Ya en la cafetería, nos cuenta de su último encuentro con la Seguridad del Estado. Involuntario, por supuesto. Del temor a perder su inminente viaje. Por suerte todo salió bien, por lo que les explicó a los agentes, o precisamente por lo que no les dijo.

No es un amigo de décadas, ni de convivir agonías. Pero hemos compartido (y practicado) el sueño de realizar proyectos artísticos, de defender el arte alternativo, el derecho a defender a minorías discriminadas, a expresar lo que nos parece injusto.

Hemos compartido el sueño de vivir un cambio en Cuba. De crear la sociedad que queremos, de no tener que emigrar.

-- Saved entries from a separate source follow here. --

(* Let $\lambda=(\lambda_1\ge\dots\ge\lambda_n)$ be a singular integral dominant weight (integers with $\lambda_j=\lambda_{j+1}$ for some $j$), and let $\lambda'=(\lambda'_1>\dots>\lambda'_n)$ be any regular integral dominant weight. Then the normal fan of $GT_{\lambda'}$ refines the normal fan of $GT_\lambda$.
   Context: For an integral dominant weight $\nu$, $GT_\nu\subset\mathbb R^{n(n+1)/2}$, with coordinates $A_{i,j}$ for $0\le i\le n-1$, $1\le j\le n-i$, is the polytope defined by $A_{0,j}=\nu_j$ and $A_{i,j}\ge A_{i+1,j}\ge A_{i,j+1}$ for $0\le i\le n-2$, $1\le j\le n-i-1$. The normal fan of a polytope $P$ is the collection of cones $\{c:\ \langle c,\cdot\rangle \text{ is maximized on } P \text{ along a given face}\}$ in the dual space; one fan refines another if each cone of the first is contained in a cone of the second. *)

theory Defs
  imports Complex_Main
begin

definition GT_idx :: "nat \<Rightarrow> (nat \<times> nat) set" where
  "GT_idx n = {(i, j). i < n \<and> 1 \<le> j \<and> i + j \<le> n}"

text \<open>The ambient real vector space R^(n(n+1)/2) (and its dual), realised as functions
  on index pairs vanishing outside GT_idx n.\<close>
definition GT_space :: "nat \<Rightarrow> (nat \<times> nat \<Rightarrow> real) set" where
  "GT_space n = {x. \<forall>p. p \<notin> GT_idx n \<longrightarrow> x p = 0}"

definition pairing :: "nat \<Rightarrow> (nat \<times> nat \<Rightarrow> real) \<Rightarrow> (nat \<times> nat \<Rightarrow> real) \<Rightarrow> real" where
  "pairing n c x = (\<Sum>p\<in>GT_idx n. c p * x p)"

text \<open>Weights nu = (nu_1,...,nu_n) are integer sequences indexed from 1.\<close>
definition dominant :: "nat \<Rightarrow> (nat \<Rightarrow> int) \<Rightarrow> bool" where
  "dominant n \<nu> \<longleftrightarrow> (\<forall>j. 1 \<le> j \<and> j < n \<longrightarrow> \<nu> j \<ge> \<nu> (j + 1))"

definition regular_dominant :: "nat \<Rightarrow> (nat \<Rightarrow> int) \<Rightarrow> bool" where
  "regular_dominant n \<nu> \<longleftrightarrow> (\<forall>j. 1 \<le> j \<and> j < n \<longrightarrow> \<nu> j > \<nu> (j + 1))"

definition GT :: "nat \<Rightarrow> (nat \<Rightarrow> int) \<Rightarrow> (nat \<times> nat \<Rightarrow> real) set" where
  "GT n \<nu> = {A \<in> GT_space n.
     (\<forall>j. 1 \<le> j \<and> j \<le> n \<longrightarrow> A (0, j) = real_of_int (\<nu> j)) \<and>
     (\<forall>i j. i + 2 \<le> n \<and> 1 \<le> j \<and> i + j + 1 \<le> n \<longrightarrow>
          A (i, j) \<ge> A (i + 1, j) \<and> A (i + 1, j) \<ge> A (i, j + 1))}"

definition argmax_set :: "nat \<Rightarrow> (nat \<times> nat \<Rightarrow> real) set \<Rightarrow> (nat \<times> nat \<Rightarrow> real) \<Rightarrow> (nat \<times> nat \<Rightarrow> real) set" where
  "argmax_set n P c = {x \<in> P. \<forall>y\<in>P. pairing n c y \<le> pairing n c x}"

text \<open>Nonempty faces of a polytope P: the nonempty sets cut out by supporting hyperplanes,
  i.e. maximiser sets of linear functionals.\<close>
definition faces :: "nat \<Rightarrow> (nat \<times> nat \<Rightarrow> real) set \<Rightarrow> (nat \<times> nat \<Rightarrow> real) set set" where
  "faces n P = {F. F \<noteq> {} \<and> (\<exists>c \<in> GT_space n. F = argmax_set n P c)}"

definition normal_cone :: "nat \<Rightarrow> (nat \<times> nat \<Rightarrow> real) set \<Rightarrow> (nat \<times> nat \<Rightarrow> real) set \<Rightarrow> (nat \<times> nat \<Rightarrow> real) set" where
  "normal_cone n P F = {c \<in> GT_space n. F \<subseteq> argmax_set n P c}"

definition normal_fan :: "nat \<Rightarrow> (nat \<times> nat \<Rightarrow> real) set \<Rightarrow> (nat \<times> nat \<Rightarrow> real) set set" where
  "normal_fan n P = normal_cone n P ` faces n P"

definition refines :: "'a set set \<Rightarrow> 'a set set \<Rightarrow> bool" where
  "refines \<Sigma>1 \<Sigma>2 \<longleftrightarrow> (\<forall>C\<in>\<Sigma>1. \<exists>D\<in>\<Sigma>2. C \<subseteq> D)"

end

theory Submission
  imports Defs
begin

text \<open>Pick any point x' of a given face of GT(lam'). Since lam' is strictly decreasing, there
  is a monotone f : R -> R with f(lam'_k) = lam_k; applying f entrywise maps x' to a pattern of
  GT(lam) satisfying with equality every inequality tight at x'. The inequalities tight at x'
  therefore cut out a face F of GT(lam), and a functional maximised at x' on GT(lam') is maximised
  on all of F: for x in F and y in GT(lam), x' + e(y - x) stays in GT(lam') for small e > 0.\<close>

text \<open>A pair (p, q) stands for the defining inequality A q \<le> A p of the patterns.\<close>

definition GT_ineqs :: "nat \<Rightarrow> ((nat \<times> nat) \<times> (nat \<times> nat)) set" where
  "GT_ineqs n = (\<Union>(i, j)\<in>{(i, j). i + 2 \<le> n \<and> 1 \<le> j \<and> i + j + 1 \<le> n}.
     {((i, j), (i + 1, j)), ((i + 1, j), (i, j + 1))})"

definition tight_ineqs :: "nat \<Rightarrow> (nat \<times> nat \<Rightarrow> real) \<Rightarrow> ((nat \<times> nat) \<times> (nat \<times> nat)) set" where
  "tight_ineqs n x = {(p, q) \<in> GT_ineqs n. x p = x q}"

lemma finite_GT_idx: "finite (GT_idx n)"
  by (rule finite_subset[of _ "{..n} \<times> {..n}"]) (auto simp: GT_idx_def)

lemma finite_GT_ineqs: "finite (GT_ineqs n)"
  by (rule finite_subset[of _ "({..n} \<times> {..n}) \<times> ({..n} \<times> {..n})"]) (auto simp: GT_ineqs_def)

lemma GT_ineqs_idx: "(p, q) \<in> GT_ineqs n \<Longrightarrow> p \<in> GT_idx n \<and> q \<in> GT_idx n"
  by (auto simp: GT_ineqs_def GT_idx_def)

lemma mem_GT_iff:
  "A \<in> GT n \<nu> \<longleftrightarrow> A \<in> GT_space n \<and> (\<forall>j. 1 \<le> j \<and> j \<le> n \<longrightarrow> A (0, j) = real_of_int (\<nu> j))
     \<and> (\<forall>(p, q)\<in>GT_ineqs n. A q \<le> A p)"
  unfolding GT_def GT_ineqs_def by auto

lemma pairing_affine:
  "pairing n c (\<lambda>p. x p + e * (y p - z p)) = pairing n c x + e * (pairing n c y - pairing n c z)"
  unfolding pairing_def by (simp add: algebra_simps sum.distrib sum_subtractf sum_distrib_left)

lemma pairing_sum: "pairing n (\<lambda>r. \<Sum>s\<in>S. c s r) x = (\<Sum>s\<in>S. pairing n (c s) x)"
  unfolding pairing_def by (simp add: sum_distrib_right) (rule sum.swap)

lemma pairing_delta:
  assumes "q \<in> GT_idx n"
  shows "pairing n (\<lambda>r. if r = q then 1 else 0) x = x q"
proof -
  have "pairing n (\<lambda>r. if r = q then 1 else 0) x = (\<Sum>r\<in>GT_idx n. if q = r then x r else 0)"
    unfolding pairing_def by (rule sum.cong) auto
  also have "\<dots> = x q" using finite_GT_idx[of n] assms by (simp add: sum.delta)
  finally show ?thesis .
qed

lemma pairing_delta_diff:
  assumes "p \<in> GT_idx n" "q \<in> GT_idx n"
  shows "pairing n (\<lambda>r. (if r = q then 1 else 0) - (if r = p then 1 else 0)) x = x q - x p"
  using pairing_delta[OF assms(1)] pairing_delta[OF assms(2)]
  by (simp add: pairing_def left_diff_distrib sum_subtractf)

lemma dominant_antimono:
  assumes "dominant n \<nu>" "1 \<le> j" "j \<le> k" "k \<le> n"
  shows "\<nu> k \<le> \<nu> j"
  using assms(3,4)
proof (induction k rule: dec_induct)
  case (step m)
  then have "\<nu> (m + 1) \<le> \<nu> m" using assms(1,2) unfolding dominant_def by simp
  then show ?case using step by simp
qed simp

lemma regular_dominant_strict_antimono:
  assumes "regular_dominant n \<nu>" "1 \<le> j" "j < k" "k \<le> n"
  shows "\<nu> k < \<nu> j"
proof -
  have "Suc j \<le> k" using assms(3) by simp
  then show ?thesis using assms(4)
  proof (induction k rule: dec_induct)
    case base
    then show ?case using assms(1,2) unfolding regular_dominant_def by simp
  next
    case (step m)
    then have "\<nu> (m + 1) < \<nu> m" using assms(1,2) unfolding regular_dominant_def by simp
    then show ?case using step by simp
  qed
qed

lemma monotone_interpolation:
  fixes a b :: "'i \<Rightarrow> real"
  assumes "finite J" "J \<noteq> {}" and ab: "\<And>j k. j \<in> J \<Longrightarrow> k \<in> J \<Longrightarrow> a j \<le> a k \<Longrightarrow> b j \<le> b k"
  shows "\<exists>f. mono f \<and> (\<forall>k\<in>J. f (a k) = b k)"
proof -
  define f where "f t = Max (insert (Min (b ` J)) (b ` {j \<in> J. a j \<le> t}))" for t
  have "mono f"
    unfolding f_def by (rule monoI, rule Max_mono) (use assms(1) in auto)
  moreover have "f (a k) = b k" if "k \<in> J" for k
    unfolding f_def
    by (rule Max_eqI) (use assms that ab in \<open>auto intro: Min_le\<close>)
  ultimately show ?thesis by blast
qed

lemma weights_monotone_interpolation:
  assumes "dominant n lam" "regular_dominant n lam'"
  shows "\<exists>f. mono f \<and> (\<forall>k. 1 \<le> k \<and> k \<le> n \<longrightarrow> f (real_of_int (lam' k)) = real_of_int (lam k))"
proof (cases "n = 0")
  case False
  have "real_of_int (lam j) \<le> real_of_int (lam k)"
    if "j \<in> {1..n}" "k \<in> {1..n}" "real_of_int (lam' j) \<le> real_of_int (lam' k)" for j k
  proof -
    have "k \<le> j"
      using that regular_dominant_strict_antimono[OF assms(2), of j k] by force
    then show ?thesis using that dominant_antimono[OF assms(1), of k j] by simp
  qed
  then show ?thesis
    using monotone_interpolation[of "{1..n}" "\<lambda>k. real_of_int (lam' k)" "\<lambda>k. real_of_int (lam k)"] False
    by auto
qed (auto intro: monoI)

lemma GT_mono_image:
  assumes "x' \<in> GT n lam'" "mono f"
    and f_top: "\<And>k. 1 \<le> k \<Longrightarrow> k \<le> n \<Longrightarrow> f (real_of_int (lam' k)) = real_of_int (lam k)"
  defines "x \<equiv> \<lambda>p. if p \<in> GT_idx n then f (x' p) else 0"
  shows "x \<in> GT n lam" and "tight_ineqs n x' \<subseteq> tight_ineqs n x"
proof -
  have "(0, k) \<in> GT_idx n" if "1 \<le> k" "k \<le> n" for k
    using that by (auto simp: GT_idx_def)
  then show "x \<in> GT n lam"
    using assms(1) f_top GT_ineqs_idx monoD[OF \<open>mono f\<close>]
    unfolding mem_GT_iff x_def GT_space_def by fastforce
  show "tight_ineqs n x' \<subseteq> tight_ineqs n x"
    using GT_ineqs_idx unfolding tight_ineqs_def x_def by fastforce
qed

lemma face_of_tight_ineqs:
  assumes T: "T \<subseteq> GT_ineqs n" and x0: "x0 \<in> GT n \<nu>" "T \<subseteq> tight_ineqs n x0"
  shows "{x \<in> GT n \<nu>. T \<subseteq> tight_ineqs n x} \<in> faces n (GT n \<nu>)"
proof -
  define c :: "nat \<times> nat \<Rightarrow> real"
    where "c r = (\<Sum>(p, q)\<in>T. (if r = q then 1 else 0) - (if r = p then 1 else 0))" for r
  define slack where "slack x = (\<Sum>(p, q)\<in>T. x p - x q)" for x :: "nat \<times> nat \<Rightarrow> real"
  have finT: "finite T" using finite_subset[OF T finite_GT_ineqs] .
  have c_pairing: "pairing n c x = - slack x" for x
  proof -
    have "pairing n c x = (\<Sum>s\<in>T. pairing n (\<lambda>r. case s of (p, q) \<Rightarrow>
        (if r = q then 1 else 0) - (if r = p then 1 else 0)) x)"
      unfolding c_def by (rule pairing_sum)
    also have "\<dots> = (\<Sum>(p, q)\<in>T. x q - x p)"
      using T GT_ineqs_idx by (intro sum.cong) (auto simp: pairing_delta_diff)
    finally show ?thesis unfolding slack_def by (simp add: case_prod_unfold sum_negf[symmetric])
  qed
  have slack_nonneg: "\<And>s. s \<in> T \<Longrightarrow> 0 \<le> (case s of (p, q) \<Rightarrow> x p - x q)" if "x \<in> GT n \<nu>" for x
    using that T unfolding mem_GT_iff by fastforce
  have slack_zero_iff: "slack x = 0 \<longleftrightarrow> T \<subseteq> tight_ineqs n x" if "x \<in> GT n \<nu>" for x
    using sum_nonneg_eq_0_iff[OF finT slack_nonneg[OF that]] T
    unfolding slack_def tight_ineqs_def by auto
  have "slack x0 = 0" using slack_zero_iff x0 by blast
  then have "argmax_set n (GT n \<nu>) c = {x \<in> GT n \<nu>. slack x = 0}"
    using x0(1) slack_nonneg sum_nonneg[OF slack_nonneg]
    unfolding argmax_set_def c_pairing slack_def by (auto intro!: antisym)
  also have "\<dots> = {x \<in> GT n \<nu>. T \<subseteq> tight_ineqs n x}" using slack_zero_iff by blast
  finally have argmax: "argmax_set n (GT n \<nu>) c = {x \<in> GT n \<nu>. T \<subseteq> tight_ineqs n x}" .
  have "c \<in> GT_space n"
    using T GT_ineqs_idx unfolding GT_space_def c_def by (fastforce intro: sum.neutral)
  moreover have "x0 \<in> argmax_set n (GT n \<nu>) c" unfolding argmax using x0 by blast
  ultimately show ?thesis unfolding faces_def argmax[symmetric] by blast
qed

lemma eventually_nonneg_perturbation:
  fixes u d :: real
  assumes "0 \<le> u" "u = 0 \<Longrightarrow> 0 \<le> d"
  shows "eventually (\<lambda>e. 0 \<le> u + e * d) (at_right 0)"
proof (cases "u = 0")
  case True
  then show ?thesis
    using assms(2) eventually_at_right_less[of 0] by (auto elim: eventually_mono)
next
  case False
  have "((\<lambda>e. u + e * d) \<longlongrightarrow> u + 0 * d) (at_right 0)" by (intro tendsto_intros)
  then have "eventually (\<lambda>e. 0 < u + e * d) (at_right 0)"
    using False assms(1) by (intro order_tendstoD(1)) auto
  then show ?thesis by (rule eventually_mono) simp
qed

lemma argmax_GT_transfer:
  assumes x': "x' \<in> GT n lam'" "x' \<in> argmax_set n (GT n lam') c"
    and x: "x \<in> GT n lam" "tight_ineqs n x' \<subseteq> tight_ineqs n x"
  shows "x \<in> argmax_set n (GT n lam) c"
  unfolding argmax_set_def
proof (intro CollectI conjI ballI x(1))
  fix y assume y: "y \<in> GT n lam"
  define z where "z e = (\<lambda>p. x' p + e * (y p - x p))" for e :: real
  have "\<forall>\<^sub>F e in at_right 0. \<forall>(p, q)\<in>GT_ineqs n. z e q \<le> z e p"
  proof (rule eventually_ball_finite[OF finite_GT_ineqs], clarify)
    fix p q assume pq: "(p, q) \<in> GT_ineqs n"
    have "\<forall>\<^sub>F e in at_right 0. 0 \<le> (x' p - x' q) + e * ((y p - y q) - (x p - x q))"
    proof (rule eventually_nonneg_perturbation)
      show "0 \<le> x' p - x' q" using x'(1) pq unfolding mem_GT_iff by auto
      assume "x' p - x' q = 0"
      then have "x p = x q" using x(2) pq unfolding tight_ineqs_def by auto
      then show "0 \<le> (y p - y q) - (x p - x q)" using y pq unfolding mem_GT_iff by auto
    qed
    then show "\<forall>\<^sub>F e in at_right 0. z e q \<le> z e p"
      by (rule eventually_mono) (simp add: z_def algebra_simps)
  qed
  then obtain e where e: "e > 0" "\<forall>(p, q)\<in>GT_ineqs n. z e q \<le> z e p"
    using eventually_happens[OF eventually_conj[OF eventually_at_right_less]] by fastforce
  have "z e \<in> GT n lam'"
    using x'(1) x(1) y e(2) unfolding mem_GT_iff GT_space_def z_def by auto
  then have "pairing n c (z e) \<le> pairing n c x'" using x'(2) unfolding argmax_set_def by auto
  then have "e * (pairing n c y - pairing n c x) \<le> 0" unfolding z_def pairing_affine by simp
  then show "pairing n c y \<le> pairing n c x" using e(1) by (simp add: mult_le_0_iff)
qed

theorem mainTheorem8:
  fixes n :: nat and lam lam' :: "nat \<Rightarrow> int"
  assumes "dominant n lam"
    and "\<exists>j. 1 \<le> j \<and> j < n \<and> lam j = lam (j + 1)"
    and "regular_dominant n lam'"
  shows "refines (normal_fan n (GT n lam')) (normal_fan n (GT n lam))"
  unfolding refines_def normal_fan_def
proof
  fix C assume "C \<in> normal_cone n (GT n lam') ` faces n (GT n lam')"
  then obtain F' x' where F': "F' \<in> faces n (GT n lam')" and C: "C = normal_cone n (GT n lam') F'"
    and "x' \<in> F'" unfolding faces_def by auto
  then have x': "x' \<in> GT n lam'" and C_sub: "\<And>c. c \<in> C \<Longrightarrow> x' \<in> argmax_set n (GT n lam') c"
    unfolding faces_def argmax_set_def normal_cone_def by auto
  obtain f where f: "mono f" "\<And>k. 1 \<le> k \<Longrightarrow> k \<le> n \<Longrightarrow> f (real_of_int (lam' k)) = real_of_int (lam k)"
    using weights_monotone_interpolation[OF assms(1,3)] by blast
  note x0 = GT_mono_image[OF x' f]
  define F where "F = {x \<in> GT n lam. tight_ineqs n x' \<subseteq> tight_ineqs n x}"
  have "F \<in> faces n (GT n lam)"
    unfolding F_def by (rule face_of_tight_ineqs[OF _ x0]) (auto simp: tight_ineqs_def)
  moreover have "C \<subseteq> normal_cone n (GT n lam) F"
    using C_sub argmax_GT_transfer[OF x'] C unfolding F_def normal_cone_def by auto
  ultimately show "\<exists>D\<in>normal_cone n (GT n lam) ` faces n (GT n lam). C \<subseteq> D" by blast
qed

end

Roza con el dedo la pantalla del celular: pasa fotos de la exposición de una amiga, en el interior del país. Habla de la importancia de acercarse a los funcionarios que tienen el verdadero poder. No solo de permitir o no una exposición, sino de comprar una obra. Hay que darles vueltas, invitarlos a un trago, insistir.

De pronto dice:

“Ya he hablado demasiado de mí, ahora cuéntenme ustedes”.

Sugiero a mi esposo que hable de su cita con la Seguridad del Estado. Me dice desganado:

“Mejor cuéntale tú, también estuviste”.

Empiezo a hablar de la “entrevista”, en la estación policial  de la Habana Vieja.

Nuestro amigo se reclina hacia atrás en su silla. Asiente como quien se dispone a escuchar. Voltea la vista hacia los cristales, por donde se ve la calle, los autos, la gente que pasa. Viejos, jóvenes, muchachas bonitas…

No sé si vale la pena seguir hablando. No sé si vale la pena intentar captar su atención.

¿Con detalles escalofriantes? No los hubo. De pronto interviene para volver a hablar de su “entrevista”.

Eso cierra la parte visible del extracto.